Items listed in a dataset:
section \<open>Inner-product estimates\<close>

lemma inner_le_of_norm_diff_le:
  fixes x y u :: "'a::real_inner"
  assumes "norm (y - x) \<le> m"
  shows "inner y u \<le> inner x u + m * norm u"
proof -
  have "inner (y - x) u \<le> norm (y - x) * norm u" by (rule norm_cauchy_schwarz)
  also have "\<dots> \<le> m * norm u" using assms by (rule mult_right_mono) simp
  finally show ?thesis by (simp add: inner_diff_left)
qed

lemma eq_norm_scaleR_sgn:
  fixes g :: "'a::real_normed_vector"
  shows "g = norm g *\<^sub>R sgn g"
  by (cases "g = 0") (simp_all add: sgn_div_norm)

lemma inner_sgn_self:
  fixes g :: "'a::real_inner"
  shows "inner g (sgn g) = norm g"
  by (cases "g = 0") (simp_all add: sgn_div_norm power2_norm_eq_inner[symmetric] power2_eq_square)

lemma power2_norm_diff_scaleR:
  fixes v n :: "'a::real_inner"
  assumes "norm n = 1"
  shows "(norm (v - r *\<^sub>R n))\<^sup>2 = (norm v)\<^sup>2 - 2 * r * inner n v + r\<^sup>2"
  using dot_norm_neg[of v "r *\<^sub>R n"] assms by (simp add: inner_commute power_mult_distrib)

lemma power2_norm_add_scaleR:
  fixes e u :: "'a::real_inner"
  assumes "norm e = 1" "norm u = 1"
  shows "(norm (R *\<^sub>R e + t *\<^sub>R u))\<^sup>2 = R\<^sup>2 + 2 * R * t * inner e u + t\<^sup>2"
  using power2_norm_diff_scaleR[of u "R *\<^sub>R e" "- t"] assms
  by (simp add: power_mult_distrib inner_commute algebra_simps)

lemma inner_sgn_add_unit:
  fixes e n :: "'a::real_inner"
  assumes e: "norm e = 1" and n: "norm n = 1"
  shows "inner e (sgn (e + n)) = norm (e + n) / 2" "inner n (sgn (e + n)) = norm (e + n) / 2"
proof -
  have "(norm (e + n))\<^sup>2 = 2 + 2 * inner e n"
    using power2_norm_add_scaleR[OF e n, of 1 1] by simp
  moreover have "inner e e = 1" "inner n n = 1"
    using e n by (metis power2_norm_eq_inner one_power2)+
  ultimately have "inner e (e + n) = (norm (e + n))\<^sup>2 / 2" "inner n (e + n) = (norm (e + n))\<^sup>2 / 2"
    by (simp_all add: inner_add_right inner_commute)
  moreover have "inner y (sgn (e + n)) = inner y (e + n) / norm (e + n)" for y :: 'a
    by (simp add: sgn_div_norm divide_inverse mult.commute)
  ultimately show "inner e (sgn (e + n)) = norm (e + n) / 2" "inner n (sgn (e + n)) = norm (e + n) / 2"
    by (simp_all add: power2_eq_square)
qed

**Task**. Pull out every line above that holds the word "shows".

**Solution to this exercise**.
  shows "inner y u \<le> inner x u + m * norm u"
  shows "g = norm g *\<^sub>R sgn g"
  shows "inner g (sgn g) = norm g"
  shows "(norm (v - r *\<^sub>R n))\<^sup>2 = (norm v)\<^sup>2 - 2 * r * inner n v + r\<^sup>2"
  shows "(norm (R *\<^sub>R e + t *\<^sub>R u))\<^sup>2 = R\<^sup>2 + 2 * R * t * inner e u + t\<^sup>2"
  shows "inner e (sgn (e + n)) = norm (e + n) / 2" "inner n (sgn (e + n)) = norm (e + n) / 2"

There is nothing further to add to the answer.